Her research focuses on the evolution of key morphological features in lizards, amphibians and their extinct relatives. [3] In particular the research focuses on the implications of the above with regards to macroevolution, phylogenetic relationships, function, palaeoecology, and biogeography. [4] Along with Michael Benton and Jacques Gauthier, she was one of the pioneers of applying cladistic methodology to reptile (especially Lepidosaurian) evolutionary relationships. [5]

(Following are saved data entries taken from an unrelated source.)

lemma fps_expansion_powi:
  fixes f :: "complex \<Rightarrow> complex"
  assumes "f has_fps_expansion F" "f 0 \<noteq> 0"
  shows "\<exists>G. (\<lambda>x. f x powi n) has_fps_expansion G"
proof (cases "0 \<le> n")
  case True
  have "(\<lambda>x. f x powi n) = (\<lambda>x. f x ^ nat n)" using True by (simp add: power_int_def)
  then show ?thesis using fps_expansion_power[OF assms(1)] by metis
next
  case False
  have "(\<lambda>x. f x powi n) = (\<lambda>x. inverse (f x) ^ nat (- n))" using False by (simp add: power_int_def)
  moreover have "(\<lambda>x. inverse (f x)) has_fps_expansion inverse F"
    using has_fps_expansion_inverse[OF assms(1)] fps_expansion_nth_0[OF assms(1)] assms(2) by simp
  ultimately show ?thesis using fps_expansion_power by metis
qed

lemma fps_expansion_moebius:
  fixes p k :: complex
  assumes "p - k \<noteq> 0"
  shows "(\<lambda>x. (p + (k + x)) / (p - (k + x))) has_fps_expansion (fps_const (p + k) + fps_X) / (fps_const (p - k) - fps_X)"
proof -
  have e: "(\<lambda>x. (p + (k + x)) / (p - (k + x))) = (\<lambda>x. ((p + k) + x) / ((p - k) - x))"
    by (simp add: algebra_simps)
  show ?thesis unfolding e
    by (intro has_fps_expansion_divide' has_fps_expansion_add has_fps_expansion_diff
          has_fps_expansion_const has_fps_expansion_fps_X) (use assms in simp)
qed

lemma fps_expansion_rho:
  fixes p q rho0 k :: complex
  assumes "p \<noteq> k" "p \<noteq> - k" "q \<noteq> k" "q \<noteq> - k"
  shows "\<exists>R. (\<lambda>x. rho p q rho0 n m (k + x)) has_fps_expansion R"
proof -
  have p0: "p - k \<noteq> 0" "p + k \<noteq> 0" "q - k \<noteq> 0" "q + k \<noteq> 0" using assms
    by (auto simp: algebra_simps eq_neg_iff_add_eq_0 simp flip: add_eq_0_iff)
  obtain A where A: "(\<lambda>x. ((p + (k + x)) / (p - (k + x))) powi n) has_fps_expansion A"
    using fps_expansion_powi[OF fps_expansion_moebius[OF p0(1)]] p0 by auto
  obtain B where B: "(\<lambda>x. ((q + (k + x)) / (q - (k + x))) powi m) has_fps_expansion B"
    using fps_expansion_powi[OF fps_expansion_moebius[OF p0(3)]] p0 by auto
  have "(\<lambda>x. ((p + (k + x)) / (p - (k + x))) powi n * ((q + (k + x)) / (q - (k + x))) powi m * rho0)
     has_fps_expansion A * B * fps_const rho0"
    by (intro has_fps_expansion_mult A B has_fps_expansion_const)
  then show ?thesis unfolding rho_def by blast
qed

lemma taylor_fps_nth:
  assumes "(\<lambda>x. rho p q rho0 n m (k + x)) has_fps_expansion R"
  shows "taylor p q rho0 n m k l = fps_nth R l"
  unfolding taylor_def fps_nth_fps_expansion[OF assms] higher_deriv_shift_0[of l _ k]
  by (simp add: o_def)

lemma fps_expansion_linear_factor:
  fixes a s :: complex
  assumes "f has_fps_expansion F"
  shows "(\<lambda>x. (a + s * x) * f x) has_fps_expansion (fps_const a + fps_const s * fps_X) * F"
  by (intro has_fps_expansion_mult assms has_fps_expansion_add has_fps_expansion_const
        has_fps_expansion_cmult_left has_fps_expansion_fps_X)

lemma fps_nth_linear_factor: fixes a s :: complex and F :: "complex fps" shows "fps_nth ((fps_const a + fps_const s * fps_X) * F) L =
   a * fps_nth F L + s * (if L = 0 then 0 else fps_nth F (L - 1))"
proof -
  have "(fps_const a + fps_const s * fps_X) * F = fps_const a * F + fps_const s * (fps_X * F)"
    by (simp add: algebra_simps)
  then show ?thesis by (simp only: fps_add_nth fps_mult_left_const_nth fps_X_mult_nth)
qed

lemma fps_expansion_nth_cong:
  fixes f g :: "complex \<Rightarrow> complex"
  assumes "f has_fps_expansion F" "g has_fps_expansion G" "eventually (\<lambda>x. f x = g x) (nhds 0)"
  shows "fps_nth F L = fps_nth G L"
  unfolding fps_nth_fps_expansion[OF assms(1)] fps_nth_fps_expansion[OF assms(2)]
  using higher_deriv_cong_ev[OF assms(3) refl] by simp

lemma eventually_shift_neq: "eventually (\<lambda>x. (k::complex) + x \<noteq> c) (nhds 0)" if "k \<noteq> c"
proof -
  have "((\<lambda>x. k + x) \<longlongrightarrow> k + 0) (nhds 0)"
    by (intro tendsto_add tendsto_const) (rule filterlim_ident)
  then show ?thesis using tendsto_imp_eventually_ne that by simp
qed

lemma taylor_shift_relation:
  fixes f0 f1 :: "complex \<Rightarrow> complex" and k p :: complex
  assumes R0: "(\<lambda>x. f0 (k + x)) has_fps_expansion R0" and R1: "(\<lambda>x. f1 (k + x)) has_fps_expansion R1"
    and pw: "\<And>z. z \<noteq> p \<Longrightarrow> z \<noteq> - p \<Longrightarrow> (p - z) * f1 z = (p + z) * f0 z"
    and kp: "k \<noteq> p" "k \<noteq> - p"
  shows "(p - k) * fps_nth R1 L - (if L = 0 then 0 else fps_nth R1 (L - 1))
     = (p + k) * fps_nth R0 L + (if L = 0 then 0 else fps_nth R0 (L - 1))"
proof -
  have E1: "(\<lambda>x. ((p - k) + (-1) * x) * f1 (k + x)) has_fps_expansion (fps_const (p - k) + fps_const (-1) * fps_X) * R1"
    by (rule fps_expansion_linear_factor[OF R1])
  have E0: "(\<lambda>x. ((p + k) + 1 * x) * f0 (k + x)) has_fps_expansion (fps_const (p + k) + fps_const 1 * fps_X) * R0"
    by (rule fps_expansion_linear_factor[OF R0])
  have "eventually (\<lambda>x. ((p - k) + (-1) * x) * f1 (k + x) = ((p + k) + 1 * x) * f0 (k + x)) (nhds 0)"
    using eventually_shift_neq[OF kp(1)] eventually_shift_neq[OF kp(2)]
  proof eventually_elim
    case (elim x)
    have "(p - (k + x)) * f1 (k + x) = (p + (k + x)) * f0 (k + x)" by (rule pw) (use elim in auto)
    then show ?case by (simp add: algebra_simps)
  qed
  from fps_expansion_nth_cong[OF E1 E0 this, of L] show ?thesis unfolding fps_nth_linear_factor by simp
qed

lemma rho_shift_n:
  assumes "z \<noteq> p" "z \<noteq> - p"
  shows "(p - z) * rho p q rho0 (n + 1) m z = (p + z) * rho p q rho0 n m z"
proof -
  have d: "p - z \<noteq> 0" "p + z \<noteq> 0" using assms
    by (auto simp: algebra_simps eq_neg_iff_add_eq_0 simp flip: add_eq_0_iff)
  have g: "(p + z) / (p - z) \<noteq> 0" using d by simp
  show ?thesis unfolding rho_def power_int_add_1[of "(p + z) / (p - z)", OF disjI1[OF g]]
    using d by (simp add: field_simps)
qed

lemma taylor_shift_n:
  assumes "p \<noteq> k" "p \<noteq> - k" "q \<noteq> k" "q \<noteq> - k"
  shows "(p - k) * taylor p q rho0 (n + 1) m k L - (if L = 0 then 0 else taylor p q rho0 (n + 1) m k (L - 1))
     = (p + k) * taylor p q rho0 n m k L + (if L = 0 then 0 else taylor p q rho0 n m k (L - 1))"
proof -
  obtain R0 where R0: "(\<lambda>x. rho p q rho0 n m (k + x)) has_fps_expansion R0" using fps_expansion_rho[OF assms] by blast
  obtain R1 where R1: "(\<lambda>x. rho p q rho0 (n + 1) m (k + x)) has_fps_expansion R1" using fps_expansion_rho[OF assms] by blast
  have kp: "k \<noteq> p" "k \<noteq> - p" using assms by auto
  show ?thesis unfolding taylor_fps_nth[OF R0] taylor_fps_nth[OF R1]
    by (rule taylor_shift_relation[OF R0 R1 rho_shift_n kp])
qed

Beginning in 2001, Dr Evans became involved in the Mahajanga Basin Project which was conducted jointly with the University of Antananarivo. In investigating the Maevarano Formation, the researchers established Madagascar as having some of the most complete and scientifically significant fossils of Late Cretaceous vertebrates in the southern hemisphere. [6] Along with her colleague Marc E. H. Jones, Evans worked on the evolutionary relationships of the giant prehistoric frog Beelzebufo ampinga that was discovered by Dr David Krause of Stony Brook University. [7] [8] [9]
Professor Evans is a Fellow of the Linnean Society and a Scientific Fellow of the Zoological Society. Her research has also been supported by the Royal Society, The Leverhulme Trust, the National Geographic Society, and the Biotechnology and Biological Sciences Research Council. [1]
In 2008, a newly described Eocene Agamid lizard Vastanagama susani was named in her honour. [10] The squamatan clade "Evansauria" has also been named after her. [11] In 2024, Martin-Silverstone et al. named the darwinopteran pterosaur species Ceoptera evansae after her. [12]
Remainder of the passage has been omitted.